TASK DETAILS:
In the records that follow, locate every line with "lemma" and extract it.

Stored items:
○ ○ ○

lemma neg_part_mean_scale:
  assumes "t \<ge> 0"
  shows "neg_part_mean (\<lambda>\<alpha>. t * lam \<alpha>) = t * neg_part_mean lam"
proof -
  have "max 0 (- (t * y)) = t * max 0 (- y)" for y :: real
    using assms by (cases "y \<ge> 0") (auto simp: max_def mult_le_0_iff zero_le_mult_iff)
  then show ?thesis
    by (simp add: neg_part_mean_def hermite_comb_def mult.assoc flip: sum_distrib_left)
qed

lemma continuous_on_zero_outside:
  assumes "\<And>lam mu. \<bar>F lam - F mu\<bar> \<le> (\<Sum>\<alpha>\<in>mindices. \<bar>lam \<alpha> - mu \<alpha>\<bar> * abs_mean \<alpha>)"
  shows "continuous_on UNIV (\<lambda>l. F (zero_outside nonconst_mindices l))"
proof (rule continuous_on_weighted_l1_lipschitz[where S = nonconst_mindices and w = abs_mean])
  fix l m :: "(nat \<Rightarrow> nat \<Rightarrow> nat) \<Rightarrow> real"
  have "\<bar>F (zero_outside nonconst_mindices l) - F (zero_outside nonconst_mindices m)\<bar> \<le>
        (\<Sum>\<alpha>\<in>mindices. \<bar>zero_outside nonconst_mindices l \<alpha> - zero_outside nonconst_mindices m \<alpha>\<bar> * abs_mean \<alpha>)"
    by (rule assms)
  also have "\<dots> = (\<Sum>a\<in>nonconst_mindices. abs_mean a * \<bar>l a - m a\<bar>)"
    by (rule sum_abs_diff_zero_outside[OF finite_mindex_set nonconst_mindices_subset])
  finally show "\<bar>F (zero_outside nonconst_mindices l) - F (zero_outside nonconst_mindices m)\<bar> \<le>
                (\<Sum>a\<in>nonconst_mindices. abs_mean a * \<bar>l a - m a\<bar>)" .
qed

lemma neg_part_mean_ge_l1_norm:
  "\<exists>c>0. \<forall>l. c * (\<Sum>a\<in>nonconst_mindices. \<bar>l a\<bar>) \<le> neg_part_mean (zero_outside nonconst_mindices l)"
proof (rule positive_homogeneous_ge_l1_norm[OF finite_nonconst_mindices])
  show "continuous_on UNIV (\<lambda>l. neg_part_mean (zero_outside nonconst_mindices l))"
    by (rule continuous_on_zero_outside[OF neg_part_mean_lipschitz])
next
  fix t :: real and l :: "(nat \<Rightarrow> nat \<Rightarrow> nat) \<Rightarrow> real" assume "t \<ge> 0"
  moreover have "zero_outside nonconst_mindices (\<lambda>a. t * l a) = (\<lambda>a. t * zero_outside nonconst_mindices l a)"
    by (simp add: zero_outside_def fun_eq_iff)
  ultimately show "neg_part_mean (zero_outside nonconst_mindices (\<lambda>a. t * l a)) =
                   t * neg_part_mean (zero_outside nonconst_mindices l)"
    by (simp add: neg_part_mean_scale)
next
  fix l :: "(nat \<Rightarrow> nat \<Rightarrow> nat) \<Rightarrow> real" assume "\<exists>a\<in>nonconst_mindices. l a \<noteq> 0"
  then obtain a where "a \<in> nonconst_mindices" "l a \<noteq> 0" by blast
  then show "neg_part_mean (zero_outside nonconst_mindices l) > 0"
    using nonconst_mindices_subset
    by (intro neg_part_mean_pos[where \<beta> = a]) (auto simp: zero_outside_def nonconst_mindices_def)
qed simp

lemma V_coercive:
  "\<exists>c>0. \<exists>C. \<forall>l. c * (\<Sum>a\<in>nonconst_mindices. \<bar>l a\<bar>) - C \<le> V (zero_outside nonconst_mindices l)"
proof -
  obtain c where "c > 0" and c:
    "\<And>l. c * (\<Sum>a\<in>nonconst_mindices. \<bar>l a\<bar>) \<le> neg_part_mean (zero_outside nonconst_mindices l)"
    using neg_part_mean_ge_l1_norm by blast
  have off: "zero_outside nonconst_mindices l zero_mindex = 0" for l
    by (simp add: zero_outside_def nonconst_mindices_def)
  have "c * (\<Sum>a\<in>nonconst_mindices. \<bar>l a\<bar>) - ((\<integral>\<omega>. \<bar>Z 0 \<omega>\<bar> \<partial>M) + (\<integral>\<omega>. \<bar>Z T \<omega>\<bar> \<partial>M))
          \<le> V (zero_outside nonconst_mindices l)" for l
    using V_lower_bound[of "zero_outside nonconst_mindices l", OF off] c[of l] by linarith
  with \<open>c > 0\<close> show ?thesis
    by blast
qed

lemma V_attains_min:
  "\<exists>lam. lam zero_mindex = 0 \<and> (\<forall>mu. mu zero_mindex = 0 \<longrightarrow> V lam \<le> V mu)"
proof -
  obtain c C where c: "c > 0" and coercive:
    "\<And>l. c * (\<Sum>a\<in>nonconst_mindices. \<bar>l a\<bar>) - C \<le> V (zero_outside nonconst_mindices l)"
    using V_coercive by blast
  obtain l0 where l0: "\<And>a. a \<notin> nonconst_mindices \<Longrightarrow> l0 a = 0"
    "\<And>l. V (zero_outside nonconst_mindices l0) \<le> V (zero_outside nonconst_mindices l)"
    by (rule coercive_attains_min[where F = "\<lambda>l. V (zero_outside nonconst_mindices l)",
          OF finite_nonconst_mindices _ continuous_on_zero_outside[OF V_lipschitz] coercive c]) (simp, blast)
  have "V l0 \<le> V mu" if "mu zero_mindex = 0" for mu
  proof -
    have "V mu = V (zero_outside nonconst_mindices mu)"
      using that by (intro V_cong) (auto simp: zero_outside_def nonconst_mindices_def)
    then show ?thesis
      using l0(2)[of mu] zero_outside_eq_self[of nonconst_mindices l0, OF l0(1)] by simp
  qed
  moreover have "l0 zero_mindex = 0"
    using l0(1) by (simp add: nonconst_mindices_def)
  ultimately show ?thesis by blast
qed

○ ○ ○

ANSWER SECTION:
lemma neg_part_mean_scale:
lemma continuous_on_zero_outside:
lemma neg_part_mean_ge_l1_norm:
lemma V_coercive:
lemma V_attains_min:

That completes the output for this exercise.